Rede von
Dr.
Bernhard
Reismann
- Parteizugehörigkeit zum Zeitpunkt der Rede:
(FU)
- Letzte offizielle eingetragene Parteizugehörigkeit: (FU)
Herr Präsident! Meine Damen und Herren! Die Vorlage dieses Gesetzes entspricht einer Verpflichtung aus dem Grundgesetz. Abgesehen davon ist aber auch die Wichtigkeit der Sache selbst so evident, daß man in dieser Frage nicht wie sonst denken könnte, das Haus wird mit soviel Gesetzesvorlagen überschüttet, man könnte vielleicht auf dem einen oder anderen Gebiet doch etwas sparen, und etwas weniger wäre mehr.

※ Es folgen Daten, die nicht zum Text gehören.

(* Let $f:(0,\infty)\to\mathbb R$ be convex with $f(1)=0$, and let $\bar f(x):=\sup_{t>0}\{tx-f(t)\}$, $x\in\mathbb R$, be its convex conjugate. Let $\rho>1$, $n\ge2$, $\mathcal A_n=\{1,\dots,n\}$, and $u_f(n,\rho):=\max_{Q\in\mathcal P_n(\rho)}D_f(Q\|U_n)$. Then: (a) for every $P\in\mathcal P_n(\rho)$, $X\sim P$, and every $g:\mathcal A_n\to\mathbb R$: $\mathbb E[g(X)]\le u_f(n,\rho)+\frac1n\sum_{i=1}^n\bar f(g(i))$; (b) there exists $P\in\mathcal P_n(\rho)$ such that for every $\varepsilon>0$ there is $g_\varepsilon:\mathcal A_n\to\mathbb R$ with $\mathbb E[g_\varepsilon(X)]\ge u_f(n,\rho)+\frac1n\sum_{i=1}^n\bar f(g_\varepsilon(i))-\varepsilon$, where $X\sim P$.
   Context: $\mathcal P_n(\rho)$: probability mass functions on $\mathcal A_n$ with all masses positive and max/min mass ratio at most $\rho$; $U_n$ uniform on $\mathcal A_n$; $D_f(P\|Q)=\sum_xQ(x)f(P(x)/Q(x))$ (conventions $0f(0/0)=0$, $f(0)=\lim_{t\to0^+}f(t)$). *)

theory Defs
  imports "HOL-Analysis.Analysis"
begin

text \<open>Alphabet A_n = {1..n}; distributions on A_n are functions nat => real,
  vanishing outside {1..n}.\<close>

definition Pn :: "nat \<Rightarrow> real \<Rightarrow> (nat \<Rightarrow> real) set" where
  "Pn n \<rho> = {P. (\<forall>i\<in>{1..n}. P i > 0) \<and> (\<forall>i. i \<notin> {1..n} \<longrightarrow> P i = 0)
     \<and> (\<Sum>i=1..n. P i) = 1 \<and> (\<forall>i\<in>{1..n}. \<forall>j\<in>{1..n}. P i \<le> \<rho> * P j)}"

definition unif :: "nat \<Rightarrow> nat \<Rightarrow> real" where
  "unif n i = (if i \<in> {1..n} then 1 / real n else 0)"

text \<open>f(0) convention: limit from the right (f is only given on (0,inf)).\<close>
definition fext :: "(real \<Rightarrow> real) \<Rightarrow> real \<Rightarrow> real" where
  "fext f t = (if t > 0 then f t else Lim (at_right 0) f)"

text \<open>f-divergence D_f(P||Q) on A_n, for a reference Q with full support
  (the only case used: Q = U_n); then the term 0 f(0/0) never occurs.\<close>
definition Df :: "(real \<Rightarrow> real) \<Rightarrow> nat \<Rightarrow> (nat \<Rightarrow> real) \<Rightarrow> (nat \<Rightarrow> real) \<Rightarrow> real" where
  "Df f n P Q = (\<Sum>i=1..n. Q i * fext f (P i / Q i))"

definition uf :: "(real \<Rightarrow> real) \<Rightarrow> nat \<Rightarrow> real \<Rightarrow> real" where
  "uf f n \<rho> = (SUP Q\<in>Pn n \<rho>. Df f n Q (unif n))"

definition fconj :: "(real \<Rightarrow> real) \<Rightarrow> real \<Rightarrow> ereal" where
  "fconj f x = (SUP t\<in>{0<..}. ereal (t * x - f t))"

end

theory Submission
  imports Defs
begin

text \<open>
  Fenchel--Young gives \<open>t x \<le> f t + f\<^sup>*(x)\<close>; applied with \<open>t = n P(i)\<close> and averaged over
  \<open>i\<close>, it bounds \<open>E[g(X)]\<close> by \<open>D\<^sub>f(P\<parallel>U\<^sub>n) + (1/n)\<Sigma>\<^sub>i f\<^sup>*(g(i))\<close>, hence (a) since the
  divergence is at most \<open>u\<^sub>f(n,\<rho>)\<close>. Choosing \<open>g(i)\<close> to be a subgradient of \<open>f\<close> at \<open>n P(i)\<close>
  makes each Fenchel--Young inequality an equality, so (b) holds, even with \<open>\<epsilon> = 0\<close>, for any
  \<open>P\<close> attaining \<open>u\<^sub>f(n,\<rho>)\<close>; such a \<open>P\<close> exists because \<open>\<P>\<^sub>n(\<rho>)\<close> is compact and
  \<open>Q \<mapsto> D\<^sub>f(Q\<parallel>U\<^sub>n)\<close> is continuous on it.
\<close>

lemma convex_on_real_subgradient:
  fixes f :: "real \<Rightarrow> real"
  assumes cv: "convex_on I f" and x: "x \<in> interior I"
  obtains c where "\<And>t. t \<in> I \<Longrightarrow> f x + c * (t - x) \<le> f t"
proof -
  obtain e where e: "e > 0" "ball x e \<subseteq> I"
    using x mem_interior by blast
  have left: "x - e / 2 \<in> I" and right: "x + e / 2 \<in> I"
    using e by (auto simp: dist_real_def)
  have slope_mono: "(f x - f s) / (x - s) \<le> (f y - f x) / (y - x)"
    if "s \<in> I" "y \<in> I" "s < x" "x < y" for s y
  proof -
    have "(f s - f x) / (s - x) \<le> (f s - f y) / (s - y)"
         "(f s - f y) / (s - y) \<le> (f x - f y) / (x - y)"
      using convex_on_slope_le[OF cv, of s y x] that by auto
    moreover have "(f x - f s) / (x - s) = (f s - f x) / (s - x)"
                  "(f y - f x) / (y - x) = (f x - f y) / (x - y)"
      by (metis minus_diff_eq minus_divide_divide)+
    ultimately show ?thesis by linarith
  qed
  define S where "S = (\<lambda>s. (f x - f s) / (x - s)) ` {s\<in>I. s < x}"
  have S_ne: "S \<noteq> {}"
    using left e unfolding S_def by force
  have S_bdd: "bdd_above S"
    unfolding S_def using slope_mono[OF _ right] e by (intro bdd_aboveI) force
  have "f x + Sup S * (t - x) \<le> f t" if t: "t \<in> I" for t
  proof (cases t x rule: linorder_cases)
    case less
    have "(f x - f t) / (x - t) \<le> Sup S"
      by (rule cSup_upper[OF _ S_bdd]) (use less t S_def in auto)
    then show ?thesis using less by (simp add: divide_le_eq algebra_simps)
  next
    case greater
    have "Sup S \<le> (f t - f x) / (t - x)"
      by (rule cSup_least[OF S_ne]) (use slope_mono t greater S_def in auto)
    then show ?thesis using greater by (simp add: le_divide_eq algebra_simps)
  qed simp
  then show thesis using that by blast
qed

lemma fconj_ge:
  assumes "t > 0"
  shows "ereal (t * x - f t) \<le> fconj f x"
  unfolding fconj_def by (rule SUP_upper) (use assms in auto)

lemma fconj_eq_at_subgradient:
  assumes "x > 0" and "\<And>t. t > 0 \<Longrightarrow> f x + c * (t - x) \<le> f t"
  shows "fconj f c = ereal (x * c - f x)"
proof (rule antisym)
  show "fconj f c \<le> ereal (x * c - f x)"
    unfolding fconj_def using assms(2) by (intro SUP_least) (auto simp: algebra_simps)
  show "ereal (x * c - f x) \<le> fconj f c"
    by (rule fconj_ge) (use assms in auto)
qed

lemma Pn_pos: "P \<in> Pn n \<rho> \<Longrightarrow> i \<in> {1..n} \<Longrightarrow> P i > 0"
  unfolding Pn_def by auto

lemma Pn_le_one:
  assumes "P \<in> Pn n \<rho>" "i \<in> {1..n}"
  shows "P i \<le> 1"
proof -
  have "P i \<le> (\<Sum>j=1..n. P j)"
    using assms by (intro member_le_sum) (auto simp: Pn_def less_imp_le)
  then show ?thesis using assms unfolding Pn_def by auto
qed

lemma unif_in_Pn:
  assumes "\<rho> \<ge> 1" "n > 0"
  shows "unif n \<in> Pn n \<rho>"
  using assms by (auto simp: Pn_def unif_def divide_right_mono)

text \<open>For \<open>\<rho> > 1\<close> positivity follows from the ratio bound and the normalisation, which
  leaves only closed conditions.\<close>
lemma Pn_nonstrict:
  assumes "\<rho> > 1"
  shows "Pn n \<rho> = {P. (\<forall>i. i \<notin> {1..n} \<longrightarrow> P i = 0) \<and> (\<Sum>i=1..n. P i) = 1
                     \<and> (\<forall>i\<in>{1..n}. \<forall>j\<in>{1..n}. P i \<le> \<rho> * P j)}" (is "_ = ?C")
proof
  show "Pn n \<rho> \<subseteq> ?C" unfolding Pn_def by auto
  show "?C \<subseteq> Pn n \<rho>"
  proof
    fix P assume P: "P \<in> ?C"
    have "P i > 0" if i: "i \<in> {1..n}" for i
    proof (rule ccontr)
      assume "\<not> P i > 0"
      then have "\<rho> * P i \<le> 0" using assms by (intro mult_nonneg_nonpos) auto
      then have "\<forall>j\<in>{1..n}. P j \<le> 0" using P i by force
      then have "(\<Sum>j=1..n. P j) \<le> 0" by (intro sum_nonpos) auto
      then show False using P by auto
    qed
    then show "P \<in> Pn n \<rho>" using P unfolding Pn_def by auto
  qed
qed

lemma compact_Pn:
  assumes "\<rho> > 1"
  shows "compact (Pn n \<rho>)"
proof -
  define K where "K = PiE UNIV (\<lambda>i::nat. if i \<in> {1..n} then {0..1::real} else {0})"
  have "compactin (product_topology (\<lambda>i. euclidean) UNIV) K"
    unfolding K_def by (subst compactin_PiE) auto
  then have K: "compact K" by (simp add: euclidean_product_topology)
  define C where "C = (\<Inter>i\<in>- {1..n}. {P::nat\<Rightarrow>real. P i = 0}) \<inter> {P. (\<Sum>i=1..n. P i) = 1}
       \<inter> (\<Inter>i\<in>{1..n}. \<Inter>j\<in>{1..n}. {P. P i \<le> \<rho> * P j})"
  have C: "closed C" unfolding C_def
    by (intro closed_Int closed_INT ballI closed_Collect_eq closed_Collect_le continuous_intros
        continuous_on_product_coordinates)
  have "P \<in> K" if P: "P \<in> Pn n \<rho>" for P
    unfolding K_def using Pn_pos[OF P] Pn_le_one[OF P] P by (auto simp: Pn_def less_imp_le)
  then have "Pn n \<rho> = K \<inter> C"
    unfolding Pn_nonstrict[OF assms] C_def by auto
  then show ?thesis using compact_Int_closed[OF K C] by simp
qed

lemma Df_unif:
  assumes "n > 0" and "\<And>i. i \<in> {1..n} \<Longrightarrow> Q i > 0"
  shows "Df f n Q (unif n) = (\<Sum>i=1..n. f (real n * Q i)) / real n"
  unfolding Df_def unif_def sum_divide_distrib
  using assms by (intro sum.cong) (auto simp: fext_def mult.commute)

lemma continuous_on_Df_unif:
  assumes "convex_on {0<..} f" and "n > 0"
  shows "continuous_on (Pn n \<rho>) (\<lambda>Q. Df f n Q (unif n))"
proof -
  have f: "continuous_on {0<..} f"
    using assms(1) by (intro convex_on_continuous) auto
  have "continuous_on (Pn n \<rho>) (\<lambda>Q. f (real n * Q i))" if i: "i \<in> {1..n}" for i
  proof (rule continuous_on_compose2[OF f])
    show "continuous_on (Pn n \<rho>) (\<lambda>Q. real n * Q i)"
      by (intro continuous_intros continuous_on_subset[OF continuous_on_product_coordinates]) auto
    show "(\<lambda>Q. real n * Q i) ` Pn n \<rho> \<subseteq> {0<..}"
      using i assms(2) Pn_pos by auto
  qed
  then have "continuous_on (Pn n \<rho>) (\<lambda>Q. (\<Sum>i=1..n. f (real n * Q i)) / real n)"
    using assms(2) by (intro continuous_intros) auto
  moreover have "Df f n Q (unif n) = (\<Sum>i=1..n. f (real n * Q i)) / real n"
    if "Q \<in> Pn n \<rho>" for Q
    by (rule Df_unif[where Q=Q, OF assms(2) Pn_pos[OF that]])
  ultimately show ?thesis by (simp cong: continuous_on_cong)
qed

lemma uf_attained:
  assumes "convex_on {0<..} f" and "\<rho> > 1" and "n > 0"
  obtains P where "P \<in> Pn n \<rho>" and "uf f n \<rho> = Df f n P (unif n)"
    and "\<And>Q. Q \<in> Pn n \<rho> \<Longrightarrow> Df f n Q (unif n) \<le> uf f n \<rho>"
proof -
  obtain P where P: "P \<in> Pn n \<rho>"
    and max: "\<And>Q. Q \<in> Pn n \<rho> \<Longrightarrow> Df f n Q (unif n) \<le> Df f n P (unif n)"
    using continuous_attains_sup[OF compact_Pn[OF assms(2)] _ continuous_on_Df_unif[OF assms(1,3)]]
      unif_in_Pn[of \<rho> n] assms(2,3) by fastforce
  have "uf f n \<rho> = Df f n P (unif n)"
    unfolding uf_def using P max by (intro cSup_eq_maximum) auto
  with P max that show thesis by simp
qed

lemma Df_unif_average_form:
  assumes "n > 0" and "\<And>i. i \<in> {1..n} \<Longrightarrow> P i > 0"
  shows "(\<Sum>i=1..n. P i * g i)
           = Df f n P (unif n) + (1 / real n) * (\<Sum>i=1..n. real n * P i * g i - f (real n * P i))"
  using assms Df_unif[OF assms, where f=f]
  by (simp add: sum_subtractf sum_distrib_left sum_divide_distrib field_simps)

lemma Df_unif_fenchel_young:
  assumes "n > 0" and "\<And>i. i \<in> {1..n} \<Longrightarrow> P i > 0"
  shows "ereal (\<Sum>i=1..n. P i * g i)
           \<le> ereal (Df f n P (unif n)) + ereal (1 / real n) * (\<Sum>i=1..n. fconj f (g i))"
proof -
  have "ereal (\<Sum>i=1..n. real n * P i * g i - f (real n * P i)) \<le> (\<Sum>i=1..n. fconj f (g i))"
    unfolding sum_ereal[symmetric] using assms by (intro sum_mono fconj_ge) auto
  then have young: "ereal (1 / real n) * ereal (\<Sum>i=1..n. real n * P i * g i - f (real n * P i))
                      \<le> ereal (1 / real n) * (\<Sum>i=1..n. fconj f (g i))"
    by (rule ereal_mult_left_mono) simp
  have "ereal (\<Sum>i=1..n. P i * g i) = ereal (Df f n P (unif n))
          + ereal (1 / real n) * ereal (\<Sum>i=1..n. real n * P i * g i - f (real n * P i))"
    using Df_unif_average_form[OF assms, where f=f and g=g] by simp
  also have "\<dots> \<le> ereal (Df f n P (unif n)) + ereal (1 / real n) * (\<Sum>i=1..n. fconj f (g i))"
    using young by (rule add_left_mono)
  finally show ?thesis .
qed

lemma Df_unif_fenchel_young_tight:
  assumes "convex_on {0<..} f" and "n > 0" and P: "\<And>i. i \<in> {1..n} \<Longrightarrow> P i > 0"
  obtains g where "ereal (\<Sum>i=1..n. P i * g i)
                     = ereal (Df f n P (unif n)) + ereal (1 / real n) * (\<Sum>i=1..n. fconj f (g i))"
proof -
  have pos: "real n * P i > 0" if "i \<in> {1..n}" for i
    using assms(2) P[OF that] by simp
  have "\<exists>c. \<forall>t>0. f (real n * P i) + c * (t - real n * P i) \<le> f t" if "i \<in> {1..n}" for i
    using convex_on_real_subgradient[OF assms(1), of "real n * P i"] pos[OF that]
    by (metis greaterThan_iff interior_open open_greaterThan)
  then obtain g where g: "\<And>i t. i \<in> {1..n} \<Longrightarrow> t > 0
                            \<Longrightarrow> f (real n * P i) + g i * (t - real n * P i) \<le> f t"
    by metis
  have fconj_sum: "(\<Sum>i=1..n. fconj f (g i)) = ereal (\<Sum>i=1..n. real n * P i * g i - f (real n * P i))"
    unfolding sum_ereal[symmetric] using pos g by (intro sum.cong fconj_eq_at_subgradient) auto
  have "ereal (\<Sum>i=1..n. P i * g i)
          = ereal (Df f n P (unif n)) + ereal (1 / real n) * (\<Sum>i=1..n. fconj f (g i))"
    using Df_unif_average_form[where P=P and f=f and g=g, OF assms(2,3)]
    unfolding fconj_sum by simp
  then show thesis by (rule that)
qed

theorem theorem10:
  fixes f :: "real \<Rightarrow> real" and \<rho> :: real and n :: nat
  assumes "convex_on {0<..} f" and "f 1 = 0" and "\<rho> > 1" and "n \<ge> 2"
  shows "(\<forall>P\<in>Pn n \<rho>. \<forall>g :: nat \<Rightarrow> real.
            ereal (\<Sum>i=1..n. P i * g i)
              \<le> ereal (uf f n \<rho>) + ereal (1 / real n) * (\<Sum>i=1..n. fconj f (g i)))
       \<and> (\<exists>P\<in>Pn n \<rho>. \<forall>\<epsilon>>0. \<exists>g :: nat \<Rightarrow> real.
            ereal (\<Sum>i=1..n. P i * g i)
              \<ge> ereal (uf f n \<rho>) + ereal (1 / real n) * (\<Sum>i=1..n. fconj f (g i)) - ereal \<epsilon>)"
proof -
  have n: "n > 0" using assms(4) by simp
  obtain P0 where P0: "P0 \<in> Pn n \<rho>" and uf_eq: "uf f n \<rho> = Df f n P0 (unif n)"
    and uf_ge: "\<And>Q. Q \<in> Pn n \<rho> \<Longrightarrow> Df f n Q (unif n) \<le> uf f n \<rho>"
    using uf_attained[OF assms(1,3) n] by blast
  have "ereal (\<Sum>i=1..n. P i * g i)
          \<le> ereal (uf f n \<rho>) + ereal (1 / real n) * (\<Sum>i=1..n. fconj f (g i))"
    if P: "P \<in> Pn n \<rho>" for P and g :: "nat \<Rightarrow> real"
  proof -
    have "ereal (\<Sum>i=1..n. P i * g i)
            \<le> ereal (Df f n P (unif n)) + ereal (1 / real n) * (\<Sum>i=1..n. fconj f (g i))"
      by (rule Df_unif_fenchel_young[where P=P, OF n Pn_pos[OF P]])
    also have "\<dots> \<le> ereal (uf f n \<rho>) + ereal (1 / real n) * (\<Sum>i=1..n. fconj f (g i))"
      using uf_ge[OF P] by (intro add_right_mono) simp
    finally show ?thesis .
  qed
  moreover obtain g where "ereal (\<Sum>i=1..n. P0 i * g i)
      = ereal (uf f n \<rho>) + ereal (1 / real n) * (\<Sum>i=1..n. fconj f (g i))"
    using Df_unif_fenchel_young_tight[where P=P0, OF assms(1) n Pn_pos[OF P0]] uf_eq by metis
  then have "ereal (\<Sum>i=1..n. P0 i * g i)
      \<ge> ereal (uf f n \<rho>) + ereal (1 / real n) * (\<Sum>i=1..n. fconj f (g i)) - ereal \<epsilon>"
    if "\<epsilon> > 0" for \<epsilon>
    using that by (simp add: ereal_diff_le_self)
  ultimately show ?thesis using P0 by blast
qed

end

Hier ist es also in der Tat notwendig, ein Gesetz vorzulegen.
Aber wenn man nach der Ratio der Vorlage vorgeht, so ist es doch die: Schutz der Freiheit der Persönlichkeit gegen eine unberechtigte Entziehung oder Beeinträchtigung überhaupt. Auf den Unterschied zwischen der Freiheitsbeschränkung und -beeinträchtigung komme ich gleich noch. Dieses
Gesetz sollte eigentlich nicht eine Handhabe dazu bieten, eine Freiheitsentziehung in solchen Fällen vorzunehmen, wo das nicht bisher auch schon möglich gewesen wäre. Wenn man den Namen liest, so kommt man auf den Gedanken, es handelt sich nur um eine Regelung des Verfahrens. Befaßt man sich aber mit dem Inhalt, so stellt man doch fest, daß verschiedene Möglichkeiten neu geschaffen werden oder wenigstens die Bestimmungen des Gesetzes so ausgelegt werden können, daß es sich um die Neuschaffung von Freiheitsentziehungsmöglichkeiten handelt. Damit würde meine Fraktion nicht einverstanden sein. Es entspricht weder der Notwendigkeit, die vorhandene Zahl der möglichen Freiheitsentziehungen 'zu vergrößern, noch dem Zweck des Gesetzes, in dieser Zeit nach 'den vorausgegangenen politischen 'Erfahrungen so zu verfahren.
Wenn ich gerade in diesem Zusammenhang und aus diesen Überlegungen heraus in der Begründung den Punkt 2 ansehe, so fällt mir dabei auf, daß .die Bundesregierung glaubt, aus polizeilichen Gesichtspunkten könnten z. B. krankheits- oder ansteckungsverdächtige Personen auch gegen ihren Willen unter Umständen längere Zeit interniert werden. Dazu muß man auch den § 4 des Gesetzes lesen, wonach unter Umständen dann nicht einmal eine richterliche Anhörung erforderlich ist. Ohne richterliche Anhörung mit der Behauptung, daß eine Krankheit vorliege, jemanden einzusperren, halten wir gegen Sinn und Grund dieses Gesetzes verstoßend und für völlig unmöglich.
Wir sehen also, daß trotz der an sich harmlosen Überschrift und trotz der offenbar wohlmeinenden Absicht schon allein in diesem Punkte sich eine ganz erhebliche Gefahr in der Vorlage befindet, mit der wir uns nicht einverstanden erklären werden. Ich habe wegen der Kürze 'der Redezeit, die mir zur Verfügung steht, nicht die Möglichkeit, noch auf andere 'Bedenken ähnlicher Art hinzuweisen. Wir möchten aber von vornherein gerade auf diesen wichtigen Punkt aufmerksam machen. Das Gesetz darf auf keinen Fall zu irgendeiner Zeit irgendeiner Regierung als Vorwand oder Handhabe dazu dienen, Leute einzusperren, wenn nicht schon nach den bisher vorliegenden Gesetzen Veranlassung, ja sogar die Notwendigkeit dazu besteht.
Mit der Verweisung an die beiden Ausschüsse ist die Fraktion der Föderalistischen Union einverstanden. Wir haben nichts dagegen, daß sich auch der Ausschuß für Fragen des Gesundheitswesens damit befaßt, obwohl es sich eigentlich nur am Rande um eine Frage der Gesundheitspflege handelt. Aber diese Gesichtspunkte sollen dabei nicht übersehen werden. Deswegen sind wir damit einverstanden. Federführend müßte aber der Rechtsausschuß sein; denn in erster Linie kommt es auf den Schutz der Freiheit der Person an.